BEGIN Available records
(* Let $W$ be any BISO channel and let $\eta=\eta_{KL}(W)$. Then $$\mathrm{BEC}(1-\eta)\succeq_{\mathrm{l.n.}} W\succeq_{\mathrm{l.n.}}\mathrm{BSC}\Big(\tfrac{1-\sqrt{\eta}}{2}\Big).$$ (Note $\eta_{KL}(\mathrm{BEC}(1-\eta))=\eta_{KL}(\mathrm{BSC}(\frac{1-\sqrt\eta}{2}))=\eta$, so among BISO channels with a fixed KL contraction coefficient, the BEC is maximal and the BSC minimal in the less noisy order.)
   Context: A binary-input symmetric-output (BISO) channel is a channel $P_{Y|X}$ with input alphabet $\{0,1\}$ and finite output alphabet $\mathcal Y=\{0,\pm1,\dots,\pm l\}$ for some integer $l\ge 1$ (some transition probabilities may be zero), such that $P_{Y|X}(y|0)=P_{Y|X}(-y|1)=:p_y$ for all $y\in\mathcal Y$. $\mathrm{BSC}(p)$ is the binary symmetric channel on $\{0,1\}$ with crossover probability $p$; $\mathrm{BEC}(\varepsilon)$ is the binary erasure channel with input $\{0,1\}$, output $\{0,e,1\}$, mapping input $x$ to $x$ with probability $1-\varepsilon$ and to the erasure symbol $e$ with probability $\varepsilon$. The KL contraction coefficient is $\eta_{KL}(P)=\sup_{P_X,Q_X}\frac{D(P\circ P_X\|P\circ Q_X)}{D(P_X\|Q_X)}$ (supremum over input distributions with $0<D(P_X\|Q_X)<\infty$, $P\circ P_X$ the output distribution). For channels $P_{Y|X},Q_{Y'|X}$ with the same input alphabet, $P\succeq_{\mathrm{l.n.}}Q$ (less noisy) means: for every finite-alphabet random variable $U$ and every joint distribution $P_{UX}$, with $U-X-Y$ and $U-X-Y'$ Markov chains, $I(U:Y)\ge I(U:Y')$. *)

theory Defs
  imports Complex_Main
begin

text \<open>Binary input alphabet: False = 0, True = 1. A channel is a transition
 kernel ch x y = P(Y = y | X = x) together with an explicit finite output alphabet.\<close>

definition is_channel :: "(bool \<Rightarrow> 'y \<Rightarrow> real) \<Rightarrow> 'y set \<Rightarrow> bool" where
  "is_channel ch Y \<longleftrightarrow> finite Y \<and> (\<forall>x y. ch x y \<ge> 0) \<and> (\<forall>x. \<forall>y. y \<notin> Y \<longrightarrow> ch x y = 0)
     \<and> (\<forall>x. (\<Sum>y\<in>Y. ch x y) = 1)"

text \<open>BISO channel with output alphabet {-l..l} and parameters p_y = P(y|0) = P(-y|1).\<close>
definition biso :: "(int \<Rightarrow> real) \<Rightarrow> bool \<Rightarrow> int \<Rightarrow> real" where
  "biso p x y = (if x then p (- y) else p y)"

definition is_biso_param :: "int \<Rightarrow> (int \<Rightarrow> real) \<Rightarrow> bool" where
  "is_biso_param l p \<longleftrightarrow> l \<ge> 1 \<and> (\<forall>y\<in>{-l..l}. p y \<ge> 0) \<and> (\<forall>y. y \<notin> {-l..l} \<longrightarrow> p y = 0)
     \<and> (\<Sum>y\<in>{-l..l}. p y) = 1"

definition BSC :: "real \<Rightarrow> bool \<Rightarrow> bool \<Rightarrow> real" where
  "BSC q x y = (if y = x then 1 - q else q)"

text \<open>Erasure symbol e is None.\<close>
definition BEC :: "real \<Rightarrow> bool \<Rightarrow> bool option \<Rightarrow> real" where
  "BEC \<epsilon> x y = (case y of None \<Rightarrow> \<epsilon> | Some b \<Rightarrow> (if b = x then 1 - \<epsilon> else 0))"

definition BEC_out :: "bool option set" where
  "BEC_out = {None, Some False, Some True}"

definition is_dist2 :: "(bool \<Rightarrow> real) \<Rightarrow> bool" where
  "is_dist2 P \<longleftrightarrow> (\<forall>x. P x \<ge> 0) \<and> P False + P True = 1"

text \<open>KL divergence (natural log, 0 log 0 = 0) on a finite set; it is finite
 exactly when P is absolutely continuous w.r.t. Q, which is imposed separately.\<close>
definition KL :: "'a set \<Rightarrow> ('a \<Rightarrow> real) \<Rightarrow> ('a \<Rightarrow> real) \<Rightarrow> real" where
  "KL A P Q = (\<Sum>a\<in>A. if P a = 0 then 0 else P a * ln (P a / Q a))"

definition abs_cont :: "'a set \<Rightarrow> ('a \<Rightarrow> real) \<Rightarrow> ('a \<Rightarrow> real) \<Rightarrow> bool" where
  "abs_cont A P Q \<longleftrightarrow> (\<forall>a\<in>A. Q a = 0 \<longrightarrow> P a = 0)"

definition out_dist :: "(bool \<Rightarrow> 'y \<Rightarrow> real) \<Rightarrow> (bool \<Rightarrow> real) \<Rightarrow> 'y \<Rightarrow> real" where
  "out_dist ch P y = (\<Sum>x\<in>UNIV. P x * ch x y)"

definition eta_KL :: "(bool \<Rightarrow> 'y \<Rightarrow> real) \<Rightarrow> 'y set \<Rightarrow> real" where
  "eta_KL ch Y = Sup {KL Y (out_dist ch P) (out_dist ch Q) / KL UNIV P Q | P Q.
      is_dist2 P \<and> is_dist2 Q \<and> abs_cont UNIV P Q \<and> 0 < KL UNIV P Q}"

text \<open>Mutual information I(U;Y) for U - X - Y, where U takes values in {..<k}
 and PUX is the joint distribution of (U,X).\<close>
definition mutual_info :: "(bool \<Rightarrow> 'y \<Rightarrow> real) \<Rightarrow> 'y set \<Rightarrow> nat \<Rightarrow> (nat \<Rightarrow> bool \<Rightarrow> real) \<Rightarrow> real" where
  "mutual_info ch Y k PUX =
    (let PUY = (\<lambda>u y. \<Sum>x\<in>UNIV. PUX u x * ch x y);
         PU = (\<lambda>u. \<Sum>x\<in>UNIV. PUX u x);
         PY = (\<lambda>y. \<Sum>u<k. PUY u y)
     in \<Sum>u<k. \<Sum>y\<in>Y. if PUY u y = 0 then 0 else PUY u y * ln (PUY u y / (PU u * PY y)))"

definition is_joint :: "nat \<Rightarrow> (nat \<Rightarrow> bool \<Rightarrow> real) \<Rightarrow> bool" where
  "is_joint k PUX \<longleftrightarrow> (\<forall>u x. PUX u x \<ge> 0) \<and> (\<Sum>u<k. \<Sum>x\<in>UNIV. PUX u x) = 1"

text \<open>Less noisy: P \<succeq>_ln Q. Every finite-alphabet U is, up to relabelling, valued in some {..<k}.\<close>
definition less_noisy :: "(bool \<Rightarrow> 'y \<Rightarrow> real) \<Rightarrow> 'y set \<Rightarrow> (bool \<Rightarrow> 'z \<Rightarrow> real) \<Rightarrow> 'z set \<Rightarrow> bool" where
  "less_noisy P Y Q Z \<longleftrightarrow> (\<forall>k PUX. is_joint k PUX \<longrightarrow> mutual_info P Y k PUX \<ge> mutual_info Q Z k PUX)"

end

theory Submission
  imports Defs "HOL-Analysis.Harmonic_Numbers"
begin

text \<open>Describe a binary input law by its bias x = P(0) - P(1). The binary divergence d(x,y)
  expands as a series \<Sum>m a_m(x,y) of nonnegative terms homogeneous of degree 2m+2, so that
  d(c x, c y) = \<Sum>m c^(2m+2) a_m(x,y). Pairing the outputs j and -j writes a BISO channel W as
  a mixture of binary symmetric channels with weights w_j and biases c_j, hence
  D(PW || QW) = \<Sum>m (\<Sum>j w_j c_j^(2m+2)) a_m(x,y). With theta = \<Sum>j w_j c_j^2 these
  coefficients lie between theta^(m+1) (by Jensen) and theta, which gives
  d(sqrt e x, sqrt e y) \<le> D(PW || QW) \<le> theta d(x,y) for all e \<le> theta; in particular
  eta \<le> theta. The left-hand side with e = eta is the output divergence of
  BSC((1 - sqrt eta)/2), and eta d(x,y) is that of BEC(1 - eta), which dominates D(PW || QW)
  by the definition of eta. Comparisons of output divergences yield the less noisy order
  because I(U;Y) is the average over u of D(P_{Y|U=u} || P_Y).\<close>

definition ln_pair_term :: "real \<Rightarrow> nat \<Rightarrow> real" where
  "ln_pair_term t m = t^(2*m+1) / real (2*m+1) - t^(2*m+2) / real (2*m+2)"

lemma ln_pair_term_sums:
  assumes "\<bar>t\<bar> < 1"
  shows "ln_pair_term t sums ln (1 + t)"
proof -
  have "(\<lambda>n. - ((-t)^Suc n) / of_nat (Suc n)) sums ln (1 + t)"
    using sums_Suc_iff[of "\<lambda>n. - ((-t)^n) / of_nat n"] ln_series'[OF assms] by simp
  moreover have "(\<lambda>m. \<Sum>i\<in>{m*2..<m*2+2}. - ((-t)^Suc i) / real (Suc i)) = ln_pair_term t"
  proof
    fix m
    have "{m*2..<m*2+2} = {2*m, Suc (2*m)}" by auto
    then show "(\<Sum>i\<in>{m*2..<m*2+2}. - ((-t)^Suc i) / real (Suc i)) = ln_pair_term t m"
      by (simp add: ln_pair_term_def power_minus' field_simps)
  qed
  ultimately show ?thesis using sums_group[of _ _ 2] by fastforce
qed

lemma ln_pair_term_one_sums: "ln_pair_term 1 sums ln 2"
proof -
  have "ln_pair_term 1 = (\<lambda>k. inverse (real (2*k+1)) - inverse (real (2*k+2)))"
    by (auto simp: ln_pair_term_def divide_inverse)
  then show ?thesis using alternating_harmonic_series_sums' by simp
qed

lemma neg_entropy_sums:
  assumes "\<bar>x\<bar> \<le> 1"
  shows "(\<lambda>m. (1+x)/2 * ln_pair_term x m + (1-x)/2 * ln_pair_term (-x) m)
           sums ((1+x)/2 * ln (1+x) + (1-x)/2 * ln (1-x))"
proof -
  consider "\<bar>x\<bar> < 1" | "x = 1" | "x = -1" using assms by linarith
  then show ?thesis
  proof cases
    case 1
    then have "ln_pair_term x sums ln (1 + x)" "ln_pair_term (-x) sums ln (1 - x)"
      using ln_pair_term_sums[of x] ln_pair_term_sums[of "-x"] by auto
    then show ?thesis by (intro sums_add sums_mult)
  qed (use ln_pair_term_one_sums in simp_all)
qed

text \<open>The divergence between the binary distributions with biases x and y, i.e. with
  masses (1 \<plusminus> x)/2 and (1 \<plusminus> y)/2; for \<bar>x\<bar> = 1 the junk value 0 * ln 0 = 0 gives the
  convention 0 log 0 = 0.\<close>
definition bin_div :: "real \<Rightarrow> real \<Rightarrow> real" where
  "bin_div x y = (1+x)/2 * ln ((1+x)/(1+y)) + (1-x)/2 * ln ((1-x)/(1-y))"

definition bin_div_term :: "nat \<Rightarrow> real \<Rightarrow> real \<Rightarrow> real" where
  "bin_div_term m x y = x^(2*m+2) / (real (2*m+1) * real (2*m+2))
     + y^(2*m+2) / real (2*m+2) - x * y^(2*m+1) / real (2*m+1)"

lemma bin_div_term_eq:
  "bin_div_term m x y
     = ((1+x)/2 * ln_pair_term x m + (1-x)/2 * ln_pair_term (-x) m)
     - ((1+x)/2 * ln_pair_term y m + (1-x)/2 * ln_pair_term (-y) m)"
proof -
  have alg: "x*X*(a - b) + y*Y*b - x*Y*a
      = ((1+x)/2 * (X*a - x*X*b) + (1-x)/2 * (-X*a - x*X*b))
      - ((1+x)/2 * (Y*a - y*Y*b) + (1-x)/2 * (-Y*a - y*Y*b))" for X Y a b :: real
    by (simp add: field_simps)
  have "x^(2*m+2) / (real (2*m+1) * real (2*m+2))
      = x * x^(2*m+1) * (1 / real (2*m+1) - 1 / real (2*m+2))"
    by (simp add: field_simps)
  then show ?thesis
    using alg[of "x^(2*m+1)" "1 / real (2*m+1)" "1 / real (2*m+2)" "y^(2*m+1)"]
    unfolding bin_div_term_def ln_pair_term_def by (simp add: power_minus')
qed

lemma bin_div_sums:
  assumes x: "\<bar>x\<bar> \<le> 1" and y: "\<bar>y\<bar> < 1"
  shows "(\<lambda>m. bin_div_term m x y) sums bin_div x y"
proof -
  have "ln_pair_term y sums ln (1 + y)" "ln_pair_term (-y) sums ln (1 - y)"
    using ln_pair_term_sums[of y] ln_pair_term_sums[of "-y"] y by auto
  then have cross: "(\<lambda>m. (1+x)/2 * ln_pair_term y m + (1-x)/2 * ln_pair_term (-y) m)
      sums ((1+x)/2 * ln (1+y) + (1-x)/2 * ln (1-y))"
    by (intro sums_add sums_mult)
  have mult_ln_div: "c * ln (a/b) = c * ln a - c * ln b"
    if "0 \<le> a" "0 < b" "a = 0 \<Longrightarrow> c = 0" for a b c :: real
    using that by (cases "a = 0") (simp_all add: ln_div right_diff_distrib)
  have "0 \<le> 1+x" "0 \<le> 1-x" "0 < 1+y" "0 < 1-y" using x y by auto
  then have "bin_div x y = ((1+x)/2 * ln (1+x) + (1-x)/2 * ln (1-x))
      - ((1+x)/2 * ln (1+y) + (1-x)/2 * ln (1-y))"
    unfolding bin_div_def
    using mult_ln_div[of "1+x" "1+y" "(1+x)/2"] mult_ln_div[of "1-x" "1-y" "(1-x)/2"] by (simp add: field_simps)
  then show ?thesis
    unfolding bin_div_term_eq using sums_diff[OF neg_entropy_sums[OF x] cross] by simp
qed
END Available records
_What the task asks_
Wherever the string "sqrt" is found in the listing above, copy the line that contains it.

_Reply_
(* Let $W$ be any BISO channel and let $\eta=\eta_{KL}(W)$. Then $$\mathrm{BEC}(1-\eta)\succeq_{\mathrm{l.n.}} W\succeq_{\mathrm{l.n.}}\mathrm{BSC}\Big(\tfrac{1-\sqrt{\eta}}{2}\Big).$$ (Note $\eta_{KL}(\mathrm{BEC}(1-\eta))=\eta_{KL}(\mathrm{BSC}(\frac{1-\sqrt\eta}{2}))=\eta$, so among BISO channels with a fixed KL contraction coefficient, the BEC is maximal and the BSC minimal in the less noisy order.)
  d(sqrt e x, sqrt e y) \<le> D(PW || QW) \<le> theta d(x,y) for all e \<le> theta; in particular
  BSC((1 - sqrt eta)/2), and eta d(x,y) is that of BEC(1 - eta), which dominates D(PW || QW)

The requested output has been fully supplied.